With the deadline fast approaching, the tax authority is urging all citizens, corporate bodies, and multinationals to use this brief window to familiarize themselves with the updated legislation to avoid compliance pitfalls in the new year.
Central to this transition is the rebranding of the regulator itself. Come January 1st, the FIRS will cease to exist by that name, emerging instead as the Nigeria Revenue Service (NRS).
This is not merely a cosmetic change. The Nigeria Revenue Service (Establishment) Act expands the agency’s mandate beyond traditional tax collection, positioning it as the sole, unified authority for all federal revenue. The goal is simple: improved efficiency, strict accountability, and a decisive end to the era of multiple agencies collecting government revenue in silos.
One of the most discussed aspects of the reform is the introduction of the 4% Development Levy. The FIRS has moved to clarify that this is not a new tax added to existing burdens, but rather a “streamlining” measure.
Previously, businesses navigated a chaotic web of separate charges, including the Tertiary Education Tax, NITDA levy, and other special-purpose fees. The new law consolidates these into a single structure. This includes a harmonized levy on assessable profits and specific provisions for imported goods. The agency argues that this consolidation will drastically reduce the compliance burden, offering businesses a predictable fiscal environment rather than a barrage of surprise levies.
The countdown is particularly critical for multinational enterprises operating in Nigeria.

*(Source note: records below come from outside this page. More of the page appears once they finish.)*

text \<open>Long Weierstrass equations over the rationals:
  W a1 a2 a3 a4 a6 is  y^2 + a1 x y + a3 y = x^3 + a2 x^2 + a4 x + a6.\<close>

datatype wcurve = W rat rat rat rat rat

fun wa1 :: "wcurve \<Rightarrow> rat" where "wa1 (W a1 a2 a3 a4 a6) = a1"
fun wa2 :: "wcurve \<Rightarrow> rat" where "wa2 (W a1 a2 a3 a4 a6) = a2"
fun wa3 :: "wcurve \<Rightarrow> rat" where "wa3 (W a1 a2 a3 a4 a6) = a3"
fun wa4 :: "wcurve \<Rightarrow> rat" where "wa4 (W a1 a2 a3 a4 a6) = a4"
fun wa6 :: "wcurve \<Rightarrow> rat" where "wa6 (W a1 a2 a3 a4 a6) = a6"

definition wb2 :: "wcurve \<Rightarrow> rat" where "wb2 E = wa1 E ^ 2 + 4 * wa2 E"
definition wb4 :: "wcurve \<Rightarrow> rat" where "wb4 E = 2 * wa4 E + wa1 E * wa3 E"
definition wb6 :: "wcurve \<Rightarrow> rat" where "wb6 E = wa3 E ^ 2 + 4 * wa6 E"
definition wb8 :: "wcurve \<Rightarrow> rat" where
  "wb8 E = wa1 E ^ 2 * wa6 E + 4 * wa2 E * wa6 E - wa1 E * wa3 E * wa4 E
           + wa2 E * wa3 E ^ 2 - wa4 E ^ 2"
definition wc4 :: "wcurve \<Rightarrow> rat" where "wc4 E = wb2 E ^ 2 - 24 * wb4 E"
definition disc :: "wcurve \<Rightarrow> rat" where
  "disc E = - (wb2 E ^ 2) * wb8 E - 8 * wb4 E ^ 3 - 27 * wb6 E ^ 2
            + 9 * wb2 E * wb4 E * wb6 E"
definition j_inv :: "wcurve \<Rightarrow> rat" where "j_inv E = wc4 E ^ 3 / disc E"

definition elliptic :: "wcurve \<Rightarrow> bool" where "elliptic E \<longleftrightarrow> disc E \<noteq> 0"

datatype pt = Inf | Aff rat rat

fun on_curve :: "wcurve \<Rightarrow> pt \<Rightarrow> bool" where
  "on_curve E Inf = True"
| "on_curve E (Aff x y) \<longleftrightarrow>
     y ^ 2 + wa1 E * x * y + wa3 E * y = x ^ 3 + wa2 E * x ^ 2 + wa4 E * x + wa6 E"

The new laws introduce a minimum Effective Tax Rate (ETR), a move designed to align Nigeria with global best practices and prevent base erosion.

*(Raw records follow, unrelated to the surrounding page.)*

lemma cmd_typed_step:
  assumes "step c c'" "cmd_typed W M c"
  shows "cmd_typed W M c'"
  using assms
proof (induction rule: step.induct)
  case s_letneg
  from s_letneg.prems show ?case
    by (rule cmd_typed_head_step) (rule rtyping_contract)
next
  case s_letpos
  then show ?case
    by (auto elim!: cmd_typedE rtyping_LetE intro!: cmd_typedI st_let simp: ac_simps)
next
  case s_ret
  then show ?case
    by (auto elim!: cmd_typedE stack_typing_LetE intro!: cmd_typedI rtyping_subst1 simp: ac_simps)
next
  case s_app
  then show ?case
    by (auto elim!: cmd_typedE rtyping_AppE intro!: cmd_typedI st_arg simp: ac_simps)
next
  case s_lam
  then show ?case
    by (auto elim!: cmd_typedE rtyping_LamE stack_typing_ArgE intro!: cmd_typedI rtyping_subst1
        simp: ac_simps)
next
  case s_proj
  then show ?case
    \<comment> \<open>rtyping_ProjE states the index 1 as Suc 0\<close>
    by (auto elim!: cmd_typedE rtyping_ProjE intro!: cmd_typedI st_proj1[unfolded One_nat_def] st_proj2)
next
  case s_with1
  then show ?case
    by (auto elim!: cmd_typedE rtyping_WPairE stack_typing_ProjE intro!: cmd_typedI)
next
  case s_with2
  then show ?case
    by (auto elim!: cmd_typedE rtyping_WPairE stack_typing_ProjE intro!: cmd_typedI)
next
  case s_tens
  from s_tens.prems show ?case
    by (rule cmd_typed_head_step) (rule rtyping_contract)
next
  case s_one
  from s_one.prems show ?case
    by (rule cmd_typed_head_step) (rule rtyping_contract)
next
  case s_sum1
  from s_sum1.prems show ?case
    by (rule cmd_typed_head_step) (rule rtyping_contract)
next
  case s_sum2
  from s_sum2.prems show ?case
    by (rule cmd_typed_head_step) (rule rtyping_contract)
next
  case s_new
  then show ?case
    by (auto elim!: cmd_typedE rtyping_NewE stack_typing_ArgE rtyping_UnitE
        intro!: cmd_typedI rt_inj1 rt_res)
next
  case s_new_fail
  then show ?case
    by (auto elim!: cmd_typedE rtyping_NewE stack_typing_ArgE rtyping_UnitE
        intro!: cmd_typedI rt_inj2 rt_unit)
next
  case s_delete
  then show ?case
    by (auto elim!: cmd_typedE rtyping_DeleteE stack_typing_ArgE rtyping_ResE
        intro!: cmd_typedI rt_unit)
qed

lemma central_polty: "central W \<Longrightarrow> polty W = Pos"
  by (induction rule: central.induct) auto

inductive_cases central_TTensorE: "central (TTensor A B)"
inductive_cases central_TPlusE: "central (TPlus A B)"
inductive_cases not_central: "central TR" "central (TLolli A B)" "central (TWith A B)"
inductive_cases is_val_E: "is_val (Pair v w)" "is_val (Inj1 v)" "is_val (Inj2 v)"
  "is_val (Let p x t u q)" "is_val (DTens v x y t q)" "is_val (DOne v t q)"
  "is_val (DSum v x t y u q)" "is_val (App v w q)" "is_val (Proj i v q)"

lemma central_value_no_resources:
  assumes "rtyping \<Gamma> R v W" "is_val v" "central W"
  shows "R = {#}"
  using assms
  by (induction rule: rtyping.induct)
    (auto simp: central_polty elim!: is_val_E elim: not_central central_TTensorE central_TPlusE)

lemma cmd_typed_steps: "steps c c' \<Longrightarrow> cmd_typed W M c \<Longrightarrow> cmd_typed W M c'"
  by (induction rule: rtranclp_induct) (auto intro: cmd_typed_step)

theorem theorem5:
  fixes W :: ty and t v :: tm and l l' :: "nat list" and e :: pol
  assumes "central W"
    and "is_exp t" and "fv t = {}"
    and "typing [] t W"
    and "is_val v"
    and "steps (t, [], l, Pos) (v, [], l', e)"
  shows "\<exists>\<sigma>. \<sigma> permutes {..<length l} \<and> l' = permute_list \<sigma> l"
proof -
  have "rtyping Map.empty {#} t W"
    using typing_rtyping[OF assms(4)] by simp
  then have "cmd_typed W (mset l) (t, [], l, Pos)"
    by (rule cmd_typedI[OF _ st_nil]) simp
  then have "cmd_typed W (mset l) (v, [], l', e)"
    by (rule cmd_typed_steps[OF assms(6)])
  then obtain A R1 R2 where
    v: "rtyping Map.empty R1 v A" and "stack_typing W [] A R2" "R1 + R2 + mset l' = mset l"
    by (rule cmd_typedE)
  moreover from \<open>stack_typing W [] A R2\<close> have "A = W" "R2 = {#}"
    by (auto elim: stack_typing_NilE)
  moreover have "R1 = {#}"
    using central_value_no_resources[OF v assms(5)] assms(1) \<open>A = W\<close> by simp
  ultimately have "mset l' = mset l"
    by simp
  then obtain \<sigma> where "\<sigma> permutes {..<length l}" "permute_list \<sigma> l = l'"
    by (rule mset_eq_permutation)
  then show ?thesis
    by metis
qed

end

Additionally, the reforms modernize the Capital Gains Tax framework. In a bid to balance revenue generation with investment incentives, the law offers relief for reinvestments and stronger protections for small investors, ensuring that the tax net widens without strangling economic growth.
With the January 1 deadline set in stone, the window for preparation is closing. Businesses are advised to review their tax positions immediately.